Quarterly Market Overview
As of May 10, 2011
The term “whipsawed” relates to reacting to a movement in the market only to see it reverse quickly in the opposite direction. Emotionally reacting to news driven events leads to extreme frustration not to mention potential loss of money. During the first quarter 2011 and since, there have been many lost opportunities if you were a short sighted investor. The earthquake and following tsunami in Japan sent the market reeling but, it reversed back to the upside in a matter of days. The news of revolt in Egypt, other Persian Gulf countries, and Libya caused the market to sell off again but, within a short period of time, we were at highs for the year. The DOW went down 6.7% from February 18th through March 16th but is now up more than 1100 points since the March low.
Though the events of the last few months range from important to catastrophic, the drivers’ of market value are still in place. 1st quarter earnings have been very positive. S&P500 earnings are at eighteen year highs. The market, however, is still a long way from all time highs set in 2007. The market has recovered over 75% of its losses since 2008. This level of recovery usually leads to a new high being achieved in time.

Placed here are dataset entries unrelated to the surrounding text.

lemma inner_bilinear_matrix:
  fixes f :: "real^'n \<Rightarrow> real^'n \<Rightarrow> real"
  assumes "bilinear f"
  shows "x \<bullet> ((\<chi> i j. f (axis i 1) (axis j 1)) *v y) = f x y"
proof -
  have "f x y = f (\<Sum>i\<in>UNIV. x $ i *\<^sub>R axis i 1) (\<Sum>j\<in>UNIV. y $ j *\<^sub>R axis j 1)"
    using basis_expansion[of x] basis_expansion[of y] by (simp add: scalar_mult_eq_scaleR)
  also have "\<dots> = (\<Sum>i\<in>UNIV. \<Sum>j\<in>UNIV. x $ i * y $ j * f (axis i 1) (axis j 1))"
    by (simp add: bilinear_sum[OF assms] sum.cartesian_product bilinear_lmul[OF assms]
        bilinear_rmul[OF assms] mult_ac)
  also have "\<dots> = x \<bullet> ((\<chi> i j. f (axis i 1) (axis j 1)) *v y)"
    by (simp add: inner_vec_def matrix_vector_mult_def sum_distrib_left mult_ac)
  finally show ?thesis ..
qed

lemma inner_symmetric_matrix_commute:
  fixes Q :: "real^'n^'n"
  assumes "transpose Q = Q"
  shows "x \<bullet> (Q *v y) = y \<bullet> (Q *v x)"
  by (metis assms dot_lmul_matrix inner_commute vector_transpose_matrix)

lemma has_derivative_quadratic_form:
  fixes Q :: "real^'n^'n"
  assumes "transpose Q = Q"
  shows "((\<lambda>t. t \<bullet> (Q *v t)) has_derivative (\<lambda>h. 2 * (h \<bullet> (Q *v x)))) (at x within S)"
  by (auto intro!: derivative_eq_intros bounded_linear.has_derivative[OF matrix_vector_mul_bounded_linear]
      simp: inner_symmetric_matrix_commute[OF assms, of x])

lemma normalized_gradient_symmetric_jacobian:
  fixes Q :: "real^'n^'n"
  assumes "transpose Q = Q" and "s \<bullet> (Q *v s) \<noteq> 0"
  shows "\<exists>F'. ((\<lambda>t. (1 / (t \<bullet> (Q *v t))) *\<^sub>R (Q *v t)) has_derivative F') (at s) \<and>
              (\<forall>i j. F' (axis j 1) $ i = F' (axis i 1) $ j)"
proof (intro exI conjI allI)
  define q where "q = s \<bullet> (Q *v s)"
  let ?F' = "\<lambda>h. (1 / q) *\<^sub>R (Q *v h) + ((- (h \<bullet> (Q *v s)) - s \<bullet> (Q *v h)) / (q * q)) *\<^sub>R (Q *v s)"
  show "((\<lambda>t. (1 / (t \<bullet> (Q *v t))) *\<^sub>R (Q *v t)) has_derivative ?F') (at s)"
    using assms(2)
    by (auto intro!: derivative_eq_intros
        bounded_linear.has_derivative[OF matrix_vector_mul_bounded_linear]
        simp: q_def field_simps)
  have entry: "(Q *v v) $ k = v \<bullet> (Q *v axis k 1)" for v k
    by (metis inner_axis' inner_real_def inner_symmetric_matrix_commute[OF assms(1)] mult_1)
  show "?F' (axis j 1) $ i = ?F' (axis i 1) $ j" for i j
    using inner_symmetric_matrix_commute[OF assms(1)]
    by (simp only: vector_add_component vector_scaleR_component entry) (simp add: field_simps)
qed

lemma integral_normalized_gradient_segment:
  fixes Q :: "real^'n^'n"
  assumes "transpose Q = Q" and pos: "\<forall>t\<in>closed_segment a b. 0 < t \<bullet> (Q *v t)"
  shows "integral {0..1} (\<lambda>\<tau>. ((1 / ((a + \<tau> *\<^sub>R (b - a)) \<bullet> (Q *v (a + \<tau> *\<^sub>R (b - a))))) *\<^sub>R
             (Q *v (a + \<tau> *\<^sub>R (b - a)))) \<bullet> (b - a))
         = (ln (b \<bullet> (Q *v b)) - ln (a \<bullet> (Q *v a))) / 2"
proof -
  define p where "p \<tau> = a + \<tau> *\<^sub>R (b - a)" for \<tau> :: real
  define g where "g \<tau> = ln (p \<tau> \<bullet> (Q *v p \<tau>)) / 2" for \<tau>
  have "(g has_vector_derivative ((1 / (p \<tau> \<bullet> (Q *v p \<tau>))) *\<^sub>R (Q *v p \<tau>)) \<bullet> (b - a))
          (at \<tau> within {0..1})" if "\<tau> \<in> {0..1}" for \<tau>
  proof -
    have "p \<tau> \<in> closed_segment a b"
      using that by (auto simp: p_def closed_segment_def algebra_simps intro!: exI[of _ \<tau>])
    then have pos_p: "0 < p \<tau> \<bullet> (Q *v p \<tau>)" using pos by blast
    have "(p has_derivative (\<lambda>h. h *\<^sub>R (b - a))) (at \<tau> within {0..1})"
      unfolding p_def by (auto intro!: derivative_eq_intros)
    then have "((\<lambda>\<tau>. p \<tau> \<bullet> (Q *v p \<tau>)) has_real_derivative 2 * ((b - a) \<bullet> (Q *v p \<tau>)))
            (at \<tau> within {0..1})"
      unfolding has_field_derivative_def
      by (rule has_derivative_eq_rhs[OF has_derivative_compose[OF _ has_derivative_quadratic_form[OF assms(1)]]])
        (simp add: fun_eq_iff)
    then have "(g has_real_derivative ((1 / (p \<tau> \<bullet> (Q *v p \<tau>))) *\<^sub>R (Q *v p \<tau>)) \<bullet> (b - a))
          (at \<tau> within {0..1})"
      unfolding g_def using pos_p
      by (auto intro!: derivative_eq_intros simp: inner_commute)
    then show ?thesis
      by (simp add: has_real_derivative_iff_has_vector_derivative)
  qed
  then have "((\<lambda>\<tau>. ((1 / (p \<tau> \<bullet> (Q *v p \<tau>))) *\<^sub>R (Q *v p \<tau>)) \<bullet> (b - a)) has_integral g 1 - g 0) {0..1}"
    by (intro fundamental_theorem_of_calculus) auto
  then show ?thesis
    by (simp add: integral_unique g_def p_def diff_divide_distrib)
qed

locale real_unital_star_algebra =
  fixes mul :: "real^'n \<Rightarrow> real^'n \<Rightarrow> real^'n" and e :: "real^'n"
    and star :: "real^'n \<Rightarrow> real^'n"
  assumes real_unital_star_alg: "real_unital_star_alg mul e star"
begin

lemma
  shows bilinear_mul: "bilinear mul"
    and mul_unit_left [simp]: "mul e x = x"
    and mul_unit_right [simp]: "mul x e = x"
    and linear_star: "linear star"
    and star_mul: "star (mul s t) = mul (star t) (star s)"
    and star_star [simp]: "star (star s) = s"
    and hermitian_real: "star s = s \<Longrightarrow> \<exists>c. s = c *\<^sub>R e"
  using real_unital_star_alg unfolding real_unital_star_alg_def by auto

sublocale mul: bounded_bilinear mul
  using bilinear_mul bilinear_conv_bounded_bilinear by blast

sublocale star: linear star
  by (rule linear_star)

lemma unit_nonzero: "e \<noteq> 0"
proof
  assume "e = 0"
  then have "axis undefined 1 = (0::real^'n)"
    using mul_unit_left[of "axis undefined 1"] by (simp add: mul.zero_left)
  then show False by simp
qed

lemma star_unit [simp]: "star e = e"
  using star_mul[of e "star e"] by simp

text \<open>x y* + y x* is Hermitian, hence a real multiple of e; polar x y is half that
  multiple, read off through the inner product with e.\<close>
definition polar :: "real^'n \<Rightarrow> real^'n \<Rightarrow> real" where
  "polar x y = ((mul x (star y) + mul y (star x)) \<bullet> e) / (2 * (e \<bullet> e))"

lemma mul_star_add_mul_star: "mul x (star y) + mul y (star x) = (2 * polar x y) *\<^sub>R e"
proof -
  have "star (mul x (star y) + mul y (star x)) = mul x (star y) + mul y (star x)"
    by (simp add: star.add star_mul add.commute)
  then obtain c where c: "mul x (star y) + mul y (star x) = c *\<^sub>R e"
    using hermitian_real by blast
  then have "polar x y = c / 2"
    using unit_nonzero by (simp add: polar_def)
  with c show ?thesis by simp
qed

lemma polar_commute: "polar x y = polar y x"
  by (simp add: polar_def add.commute)

lemma bilinear_polar: "bilinear polar"
  unfolding bilinear_def
  by (auto intro!: linearI simp: polar_def star.add star.scale mul.add_left mul.add_right
      mul.scaleR_left mul.scaleR_right add_divide_distrib algebra_simps)

lemma mul_star_self: "mul s (star s) = polar s s *\<^sub>R e"
  using mul_star_add_mul_star[of s s]
  by (simp add: scaleR_2[symmetric] scaleR_scaleR[symmetric] del: scaleR_scaleR)

lemma alg_norm_eq_polar: "alg_norm mul e star s = polar s s"
  by (simp add: alg_norm_def mul_star_self unit_nonzero)

lemma polar_unit: "polar e e = 1"
  using mul_star_self[of e] unit_nonzero by (metis mul_unit_left scaleR_cancel_right scaleR_one star_unit)

lemma polar_star_commute: "polar (star x) y = polar (star y) x"
proof -
  have "\<exists>c. star x = c *\<^sub>R e - x" for x
    using hermitian_real[of "x + star x"] by (simp add: star.add add.commute) (metis add_diff_cancel_left')
  then obtain cx cy where cx: "star x = cx *\<^sub>R e - x" and cy: "star y = cy *\<^sub>R e - y"
    by metis
  have "mul (star x) (star y) + mul y x = mul (star y) (star x) + mul x y"
    unfolding cx cy
    by (simp add: mul.diff_left mul.diff_right mul.scaleR_left mul.scaleR_right algebra_simps)
  then show ?thesis by (simp add: polar_def)
qed

definition polar_matrix :: "real^'n^'n" where
  "polar_matrix = (\<chi> i j. polar (axis i 1) (axis j 1))"

definition uncurling_matrix :: "real^'n^'n" where
  "uncurling_matrix = (\<chi> i j. polar (axis i 1) (star (axis j 1)))"

lemma inner_polar_matrix: "x \<bullet> (polar_matrix *v y) = polar x y"
  unfolding polar_matrix_def using bilinear_polar by (rule inner_bilinear_matrix)

lemma inner_uncurling_matrix: "x \<bullet> (uncurling_matrix *v y) = polar x (star y)"
proof -
  have "bilinear (\<lambda>x y. polar x (star y))"
    using bilinear_polar linear_star unfolding bilinear_def by (auto intro: linear_compose[unfolded o_def])
  then show ?thesis
    unfolding uncurling_matrix_def by (rule inner_bilinear_matrix)
qed

lemma transpose_polar_matrix: "transpose polar_matrix = polar_matrix"
  by (simp add: polar_matrix_def transpose_def vec_eq_iff polar_commute)

lemma transpose_uncurling_matrix: "transpose uncurling_matrix = uncurling_matrix"
proof -
  have "polar x (star y) = polar y (star x)" for x y
    by (metis polar_commute polar_star_commute)
  then show ?thesis
    by (simp add: uncurling_matrix_def transpose_def vec_eq_iff)
qed

lemma quadratic_form_polar_matrix: "s \<bullet> (polar_matrix *v s) = alg_norm mul e star s"
  by (simp add: inner_polar_matrix alg_norm_eq_polar)

lemma uncurling_matrix_alg_inv:
  "uncurling_matrix *v alg_inv mul e star t = (1 / alg_norm mul e star t) *\<^sub>R (polar_matrix *v t)"
  by (rule vector_eq_ldot[THEN iffD1], rule allI)
    (simp add: alg_inv_def inner_uncurling_matrix inner_polar_matrix star.scale
      bilinear_rmul[OF bilinear_polar])

lemma alg_norm_pos_near_unit: "\<exists>r>0. \<forall>s\<in>ball e r. 0 < alg_norm mul e star s"
proof -
  have "continuous_on UNIV (\<lambda>s. s \<bullet> (polar_matrix *v s))"
    by (intro continuous_intros linear_continuous_on) simp
  then have "open {s. 0 < alg_norm mul e star s}"
    unfolding quadratic_form_polar_matrix by (rule open_Collect_less[OF continuous_on_const])
  moreover have "e \<in> {s. 0 < alg_norm mul e star s}"
    by (simp add: alg_norm_eq_polar polar_unit)
  ultimately obtain r where "r > 0" and "ball e r \<subseteq> {s. 0 < alg_norm mul e star s}"
    by (rule openE)
  then show ?thesis
    by blast
qed

lemma normalized_uncurling_metric_uncurling_matrix:
  "normalized_uncurling_metric mul e star uncurling_matrix"
proof -
  obtain r where "r > 0" and pos: "\<forall>s\<in>ball e r. 0 < alg_norm mul e star s"
    using alg_norm_pos_near_unit by blast
  have "\<exists>F'. ((\<lambda>t. uncurling_matrix *v alg_inv mul e star t) has_derivative F') (at s) \<and>
          (\<forall>i j. F' (axis j 1) $ i = F' (axis i 1) $ j)" if "s \<in> ball e r" for s
    using normalized_gradient_symmetric_jacobian[OF transpose_polar_matrix, of s] pos[rule_format, OF that]
    by (simp add: uncurling_matrix_alg_inv quadratic_form_polar_matrix)
  moreover have "\<forall>\<^sub>F s in nhds e. s \<bullet> (uncurling_matrix *v alg_inv mul e star s) = 1"
    using eventually_nhds_ball[OF \<open>r > 0\<close>]
    by (rule eventually_mono) (use pos in \<open>force simp: uncurling_matrix_alg_inv quadratic_form_polar_matrix\<close>)
  ultimately show ?thesis
    unfolding normalized_uncurling_metric_def using transpose_uncurling_matrix \<open>r > 0\<close> pos
    by fastforce
qed

lemma special_unital_norm_uncurling_matrix:
  assumes "\<forall>t\<in>closed_segment e s. 0 < alg_norm mul e star t"
  shows "special_unital_norm mul e star uncurling_matrix s = sqrt (alg_norm mul e star s)"
proof -
  have "0 < alg_norm mul e star s" using assms by simp
  have "integral {0..1} (\<lambda>\<tau>. (uncurling_matrix *v alg_inv mul e star (e + \<tau> *\<^sub>R (s - e))) \<bullet> (s - e))
      = (ln (alg_norm mul e star s) - ln (alg_norm mul e star e)) / 2"
    using integral_normalized_gradient_segment[OF transpose_polar_matrix, of e s] assms
    by (simp add: uncurling_matrix_alg_inv quadratic_form_polar_matrix)
  also have "\<dots> = ln (sqrt (alg_norm mul e star s))"
    using \<open>0 < alg_norm mul e star s\<close> by (simp add: alg_norm_eq_polar polar_unit ln_sqrt)
  finally show ?thesis
    using \<open>0 < alg_norm mul e star s\<close> by (simp add: special_unital_norm_def)
qed

end

theorem proposition10p8:
  fixes mul :: "real^'n \<Rightarrow> real^'n \<Rightarrow> real^'n" and e :: "real^'n"
    and star :: "real^'n \<Rightarrow> real^'n"
  assumes "real_unital_star_alg mul e star"
  shows "\<exists>L. normalized_uncurling_metric mul e star L \<and>
           (\<forall>\<^sub>F s in nhds e. special_unital_norm mul e star L s = sqrt (alg_norm mul e star s))"
proof -
  interpret real_unital_star_algebra mul e star
    using assms by unfold_locales
  obtain r where "r > 0" and pos: "\<forall>s\<in>ball e r. 0 < alg_norm mul e star s"
    using alg_norm_pos_near_unit by blast
  have on_ball: "special_unital_norm mul e star uncurling_matrix s = sqrt (alg_norm mul e star s)"
    if "s \<in> ball e r" for s
    using closed_segment_subset[of e "ball e r" s] that \<open>r > 0\<close> pos
    by (intro special_unital_norm_uncurling_matrix) auto
  have "\<forall>\<^sub>F s in nhds e.
      special_unital_norm mul e star uncurling_matrix s = sqrt (alg_norm mul e star s)"
    using eventually_nhds_ball[OF \<open>r > 0\<close>] by (rule eventually_mono) (rule on_ball)
  then show ?thesis
    using normalized_uncurling_metric_uncurling_matrix by blast
qed

end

One can focus on the many negatives that abound and reach the point of decision paralysis. We are asked many questions like; what about the dollar? Will it remain the reserve currency? Remember, negative news sells. I recently watched an hour long video on what would happen if the dollar was replaced. The narrator had all the answers to protect you. Finally at the end, you too could get all the answers for a special price of just $49. I thought, if a million people were scared into this subscription. Someone made $49 million!
We remain clearly focused on the big picture. Corporate balance sheets are flush with cash that can be put to work. Earnings are steadily improving. The cost of capital (interest rates) to run, start or grow a business remains low. The recovery that started from the March 2009 low is still historically young in duration. Inflation is a concern but a little inflation is good for stocks. We are not at a level of inflation that stymies growth. As we discussed last quarter, there is little competition for equities. Deposit accounts are paying little of nothing and there is extreme interest rate risk in the bond market.
The numerous negative events year to date have turned out to be opportunities rather then a time to adjust our longer term expectations. We expect any weakness to be bought and remain optimistic for the remainder of this year.
Enjoy the warmth and beauty of spring!